Leila Ahmed (1992) a montré que cette obsession autour de la question de l’oppression des femmes musulmanes prend ses racines dans les discours liés à la colonisation européenne. En effet, vers la fin du XIXème siècle, les administrateurs coloniaux ont lié voile et oppression patriarcale dans le but de démontrer l’infériorité des sociétés non-européennes. En s’appropriant le langage du féminisme naissant, les puissances coloniales pouvaient justifier

24

leur domination sur l’Asie et l’Afrique en se présentant comme les hérauts de la modernité éclairée. Bien entendu, ces mêmes hommes, qui critiquaient les musulmans et leur manière de traiter leurs femmes, étaient souvent farouchement opposés aux mouvements féministes dans leur propre pays. Or, ce genre d’argumentations est encore à l’œuvre de nos jours, par exemple dans la "guerre contre le terrorisme" lancée par l’administration Bush après le 11 septembre 2001. La volonté affichée d'améliorer le sort des femmes musulmanes, afghanes en l’occurrence, continue à être utilisée pour légitimer des actions politiques et militaires à visées impérialistes (Abu-Lughod, 2002). Cette imbrication problématique entre féminisme et racisme, donnant lieu à un racisme genré touchant spécifiquement les femmes musulmanes, a été mise en lumière par Christine Delphy dans le cas du débat sur le foulard en France (2006). Qu’on le veuille ou non, les images et les discours dominants dans les médias influencent aussi les questions de recherche et les analyses scientifiques. Comme le dit David Lepoutre à propos des jeunes vivant dans les banlieues françaises:

Ces espaces et les populations qui les occupent sont déjà sous les feux de la rampe. Ils sont par conséquent l’objet de discours préconstruits qui s’imposent à la pensée et orientent – ou désorientent - l’analyse (2001, p. 99).
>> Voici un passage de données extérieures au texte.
(* Let $\Sigma\in\mathbb{M}(M,\mathbb{C})\otimes\mathbb{M}(N,\mathbb{C})$ be positive semidefinite and separable, and let $\{P_j\}_{j=1}^u$ be a resolution of identity in $\mathcal{C}_\Sigma$ consisting of minimal projections in $\mathcal{C}_\Sigma$. Then there exist $s\in\mathbb{N}$ and positive semidefinite matrices $R_1,\dots,R_s\in\mathbb{M}(M,\mathbb{C})$, $T_1,\dots,T_s\in\mathbb{M}(N,\mathbb{C})$ such that $\Sigma=\sum_{i=1}^s R_i\otimes T_i$ and $T_iP_j=P_jT_i$ for all $i\in\{1,\dots,s\}$ and $j\in\{1,\dots,u\}$.
   Context: We identify $\mathbb{M}(M,\mathbb{C})\otimes\mathbb{M}(N,\mathbb{C})$ with $\mathbb{M}(MN,\mathbb{C})$ via the Kronecker product, $(A\otimes B)_{(i,j),(l,m)}=A_{il}B_{jm}$. A positive semidefinite $\Sigma\in\mathbb{M}(M,\mathbb{C})\otimes\mathbb{M}(N,\mathbb{C})$ is called separable if it can be written as $\Sigma=\sum_{i=1}^n \tilde R_i\otimes\tilde T_i$ with all $\tilde R_i\in\mathbb{M}(M,\mathbb{C})$ and $\tilde T_i\in\mathbb{M}(N,\mathbb{C})$ positive semidefinite. The right commutant is $\mathcal{C}_\Sigma:=\{A\in\mathbb{M}(N,\mathbb{C}) : (\mathbf{1}_M\otimes A)\Sigma=\Sigma(\mathbf{1}_M\otimes A)\}$, a unital $*$-subalgebra of $\mathbb{M}(N,\mathbb{C})$. A projection means an orthogonal projection. A nonzero projection $P\in\mathcal{A}$ is minimal in a $*$-algebra $\mathcal{A}$ if every projection $Q\in\mathcal{A}$ with $Q\le P$ satisfies $Q=0$ or $Q=P$. A resolution of identity in $\mathcal{A}$ is a finite family of mutually orthogonal projections $P_i\in\mathcal{A}$ with $\sum_i P_i=\mathbf{1}_N$. *)

theory Defs
  imports "Jordan_Normal_Form.Matrix" "HOL-Library.Complex_Order"
begin

definition hermitian_mat :: "complex mat \<Rightarrow> bool" where
  "hermitian_mat A \<longleftrightarrow> dim_row A = dim_col A \<and>
     (\<forall>i < dim_row A. \<forall>j < dim_col A. A $$ (i, j) = cnj (A $$ (j, i)))"

text \<open>Positive semidefinite of size n: Hermitian n x n and v^* A v \<ge> 0 for every v in C^n
  (order on complex from Complex_Order: real and nonnegative).\<close>
definition psd_mat :: "nat \<Rightarrow> complex mat \<Rightarrow> bool" where
  "psd_mat n A \<longleftrightarrow> A \<in> carrier_mat n n \<and> hermitian_mat A \<and>
     (\<forall>v :: nat \<Rightarrow> complex. 0 \<le> (\<Sum>i<n. \<Sum>j<n. cnj (v i) * A $$ (i, j) * v j))"

text \<open>Kronecker product, (A \<otimes> B)_{(i,j),(l,m)} = A_{il} B_{jm}, with the pair (i,j)
  identified with the index i * N + j (N = size of B).\<close>
definition kron_mat :: "complex mat \<Rightarrow> complex mat \<Rightarrow> complex mat" where
  "kron_mat A B = mat (dim_row A * dim_row B) (dim_col A * dim_col B)
     (\<lambda>(r, c). A $$ (r div dim_row B, c div dim_col B) * B $$ (r mod dim_row B, c mod dim_col B))"

definition msum :: "nat \<Rightarrow> (nat \<Rightarrow> complex mat) \<Rightarrow> nat set \<Rightarrow> complex mat" where
  "msum n f I = mat n n (\<lambda>(r, c). \<Sum>i\<in>I. f i $$ (r, c))"

definition separable :: "nat \<Rightarrow> nat \<Rightarrow> complex mat \<Rightarrow> bool" where
  "separable M N \<Sigma> \<longleftrightarrow> (\<exists>n :: nat. \<exists>R T :: nat \<Rightarrow> complex mat.
     (\<forall>i<n. psd_mat M (R i) \<and> psd_mat N (T i)) \<and>
     \<Sigma> = msum (M * N) (\<lambda>i. kron_mat (R i) (T i)) {..<n})"

definition right_commutant :: "nat \<Rightarrow> nat \<Rightarrow> complex mat \<Rightarrow> complex mat set" where
  "right_commutant M N \<Sigma> = {A \<in> carrier_mat N N.
     kron_mat (1\<^sub>m M) A * \<Sigma> = \<Sigma> * kron_mat (1\<^sub>m M) A}"

definition proj_mat :: "nat \<Rightarrow> complex mat \<Rightarrow> bool" where
  "proj_mat N P \<longleftrightarrow> P \<in> carrier_mat N N \<and> P * P = P \<and> hermitian_mat P"

text \<open>For projections, Q \<le> P means Q P = Q (equivalently P - Q is psd).\<close>
definition proj_le :: "complex mat \<Rightarrow> complex mat \<Rightarrow> bool" where
  "proj_le Q P \<longleftrightarrow> Q * P = Q"

definition minimal_proj_in :: "nat \<Rightarrow> complex mat set \<Rightarrow> complex mat \<Rightarrow> bool" where
  "minimal_proj_in N \<A> P \<longleftrightarrow> P \<in> \<A> \<and> proj_mat N P \<and> P \<noteq> 0\<^sub>m N N \<and>
     (\<forall>Q \<in> \<A>. proj_mat N Q \<and> proj_le Q P \<longrightarrow> Q = 0\<^sub>m N N \<or> Q = P)"

end

theory Submission
  imports Defs
begin

(* Since each P_j lies in the right commutant, the matrices 1 \<otimes> P_j are idempotents commuting
   with \<Sigma> and summing to the identity; hence \<Sigma> equals its pinching
   \<Sum>_j (1 \<otimes> P_j) \<Sigma> (1 \<otimes> P_j). Applied to a separable decomposition \<Sigma> = \<Sum>_i R_i \<otimes> T_i,
   the pinching replaces each T_i by \<Sum>_j P_j T_i P_j, which is again positive semidefinite and
   commutes with every P_k, because by orthogonality of the P_j both products with P_k reduce to
   P_k T_i P_k. *)

lemma mod_less_of_less_mult: "r < m * (n::nat) \<Longrightarrow> r mod n < n"
  by (cases "n = 0") auto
La persistance de l’image coloniale de "la" femme musulmane, avec ses biais ethnocentriques et racistes, forme un obstacle majeur à la compréhension du point de vue des femmes musulmanes dans le monde contemporain (Hoodfar, 2001, p. 440).
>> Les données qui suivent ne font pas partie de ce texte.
lemma real_cond_exp_trYC:
  fixes D :: "(real^'n) measure" and x :: "nat \<Rightarrow> 'w \<Rightarrow> real^'n"
    and V W0 :: "real^'k^'n" and Z :: "real^'m^'n"
  assumes D: "finite_measure D" "sets D = sets borel" "AE y in D. norm y \<le> 1"
    and ZS: "transpose Z ** second_moment D = diag_mat lamZ ** transpose Z"
    and P: "prob_space P" and x: "\<And>t. x t \<in> borel_measurable P"
    and ind: "prob_space.indep_vars P (\<lambda>_. borel) x {1..}"
    and x_distr: "distr P borel (x t) = D" and t: "1 \<le> t"
  shows "AE \<omega> in P. real_cond_exp P (gen_filt P x (t - 1)) (trYC V Z W0 eta x t) \<omega>
    = trace (transpose (Ymat V Z (Wrv W0 eta x (t - 1) \<omega>)) ** diag_mat lamZ
             ** Ymat V Z (Wrv W0 eta x (t - 1) \<omega>))"
proof -
  have meas: "(\<lambda>(W, y). trace (transpose (Ymat V Z W) ** Cmat V Z W y))
      \<in> borel_measurable (borel \<Otimes>\<^sub>M borel)"
    unfolding Ymat_def Cmat_def split_beta' by measurable
  have int: "integrable D (\<lambda>y. trace (A ** Cmat V Z W y))" for A W
    unfolding trace_mult_Cmat by (rule integrable_trace_outer[OF D])
  show ?thesis
    using real_cond_exp_Wrv_sample[OF P x ind t meas, unfolded x_distr, OF int]
    by (simp add: trYC_def[abs_def] Let_def integral_trace_mult_Cmat[OF D ZS])
qed

lemma oja_step_bound:
  fixes D :: "(real^'n) measure" and P :: "'w measure" and x :: "nat \<Rightarrow> 'w \<Rightarrow> real^'n"
    and V W0 :: "real^'k^'n" and Z :: "real^'m^'n"
  assumes D: "prob_space D" "sets D = sets borel" "AE y in D. norm y \<le> 1"
    and VS: "transpose V ** second_moment D = diag_mat lamV ** transpose V"
    and ZS: "transpose Z ** second_moment D = diag_mat lamZ ** transpose Z"
    and gap: "\<And>i j. gap \<le> lamV i - lamZ j"
    and P: "prob_space P" and x: "\<And>t. x t \<in> borel_measurable P"
    and ind: "prob_space.indep_vars P (\<lambda>_. borel) x {1..}"
    and x_distr: "distr P borel (x t) = D" and t: "1 \<le> t" and "0 \<le> eta t"
  shows "AE \<omega> in P.
           invertible (transpose V ** Wrv W0 eta x (t - 1) \<omega>)
           \<and> 1 + eta t * acoef V (Wrv W0 eta x (t - 1) \<omega>) (x t \<omega>) \<noteq> 0
           \<longrightarrow> invertible (transpose V ** Wrv W0 eta x t \<omega>)
               \<and> Xrv V Z W0 eta x t \<omega>
                   \<le> (1 - 2 * eta t * gap) * Xrv V Z W0 eta x (t - 1) \<omega> + Nrv P V Z W0 eta x t \<omega>"
proof -
  interpret D: prob_space D by (rule D(1))
  note D' = D.finite_measure_axioms D(2,3)
  define G where "G = Wrv W0 eta x (t - 1)"
  define F where "F = gen_filt P x (t - 1)"
  from real_cond_exp_trYYB[OF D' P x ind x_distr t, where V = V and Z = Z and ?W0.0 = W0 and eta = eta,
      folded G_def F_def]
    real_cond_exp_trYC[OF D' ZS P x ind x_distr t, where V = V and ?W0.0 = W0 and eta = eta,
      folded G_def F_def]
  show ?thesis
  proof eventually_elim
    case (elim \<omega>)
    show ?case
    proof (intro impI conjI)
      assume "invertible (transpose V ** Wrv W0 eta x (t - 1) \<omega>)
        \<and> 1 + eta t * acoef V (Wrv W0 eta x (t - 1) \<omega>) (x t \<omega>) \<noteq> 0"
      then have inv: "invertible (transpose V ** G \<omega>)" and ne: "1 + eta t * acoef V (G \<omega>) (x t \<omega>) \<noteq> 0"
        by (simp_all add: G_def)
      have W_t: "Wrv W0 eta x t \<omega> = (mat 1 + eta t *\<^sub>R outer (x t \<omega>) (x t \<omega>)) ** G \<omega>"
        using t by (cases t) (simp_all add: Wrv_def G_def)
      show "invertible (transpose V ** Wrv W0 eta x t \<omega>)"
        unfolding W_t by (rule oja_step_Ymat(1)[OF inv ne])
      have "gap * (norm (Ymat V Z (G \<omega>)))\<^sup>2
          \<le> real_cond_exp P F (trYYB V Z W0 eta x t) \<omega> - real_cond_exp P F (trYC V Z W0 eta x t) \<omega>"
        unfolding elim integral_trace_mult_Bmat[OF D' inv VS]
        by (rule gap_norm_sq_le_trace_diff) (rule gap)
      from oja_step_norm_Ymat_le[OF inv ne \<open>0 \<le> eta t\<close> this]
      show "Xrv V Z W0 eta x t \<omega> \<le> (1 - 2 * eta t * gap) * Xrv V Z W0 eta x (t - 1) \<omega> + Nrv P V Z W0 eta x t \<omega>"
        unfolding Xrv_def Nrv_def trYYB_def trYC_def W_t by (simp add: Let_def G_def F_def)
    qed
  qed
qed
J'ai signalé plus haut que les féministes actuelles, dites de la 3ème vague, ont pris conscience des erreurs des féministes occidentales blanches qui tendaient à imposer leurs préoccupations particulières à toutes les femmes sans prendre en compte les différenciations qui pouvaient exister entre elles. Par ailleurs, un nombre croissant de féminismes non occidentaux sont apparus de par le monde, au sein desquels les idées de base de ce mouvement sont reprises et adaptées aux situations locales particulières. Parmi eux, des féminismes musulmans gagnent en importance depuis les années 1990, ancrant leur discours et leurs pratiques dans les enseignements du Coran et des hadiths.
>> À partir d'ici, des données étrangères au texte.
lemma p_q: "1 \<le> p" "1 \<le> q" "p + q + 2 = k" "t = p + 1"
proof -
  have "q \<le> k"
    by (simp add: q_def)
  then have pos_iff: "0 < p \<longleftrightarrow> 0 < q"
    using up_sum_p_eq_down_sum_q up_sum_pos[of p] down_sum_pos[of q] by (cases "p = 0"; cases "q = 0") auto
  moreover have "p \<noteq> 0 \<or> q \<noteq> 0"
    using length_ge_3 t_pos t_less by (auto simp: p_def q_def)
  ultimately show "1 \<le> p" "1 \<le> q"
    by auto
  then show "p + q + 2 = k" "t = p + 1"
    by (auto simp: p_def q_def)
qed

lemma sum_r_w_image: "S \<subseteq> {..<k} \<Longrightarrow> (\<Sum>v\<in>w ` S. r v) = (\<Sum>l\<in>S. r (w l))"
  by (rule sum.reindex_cong[of w]) (auto simp: inj_on_def dest: w_inj)

lemma card_w_image: "S \<subseteq> {..<k} \<Longrightarrow> card (w ` S) = card S"
  by (rule card_image) (auto simp: inj_on_def dest: w_inj)

lemma run_sums_differ:
  assumes "P \<subseteq> {..<k}" "Q \<subseteq> {..<k}" "P \<inter> Q = {}" "P \<noteq> {}" "card P + card Q + 4 \<le> n"
  shows "(\<Sum>l\<in>P. r (w l)) \<noteq> (\<Sum>l\<in>Q. r (w l))"
proof -
  have "w ` P \<inter> w ` Q = {}"
    using assms(1-3) by (auto dest: w_inj)
  moreover have "w ` P \<subseteq> {..<n}" "w ` Q \<subseteq> {..<n}" "w ` P \<union> w ` Q \<noteq> {}"
    using w_less assms(4) by auto
  moreover have "card (w ` P) + card (w ` Q) + 4 \<le> n"
    using card_w_image assms by simp
  ultimately have "(\<Sum>v\<in>w ` P. r v) \<noteq> (\<Sum>v\<in>w ` Q. r v)"
    using weak_generic_sums_differ[OF generic] by blast
  then show ?thesis
    using sum_r_w_image assms by simp
qed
Pour ma part, je reprends les enseignements des études genre à mon compte dans la mesure où ils m’ont sensibilisée à l’omniprésence du biais androcentrique et à la nécessité de prendre en compte le genre dans une étude comme celle-ci. Cette approche me paraît judicieuse pour autant que l'on évite de tomber dans des discours stigmatisant les femmes musulmanes et qu'on refuse de les enfermer dans une réflexion se centrant uniquement sur la question de leur oppression.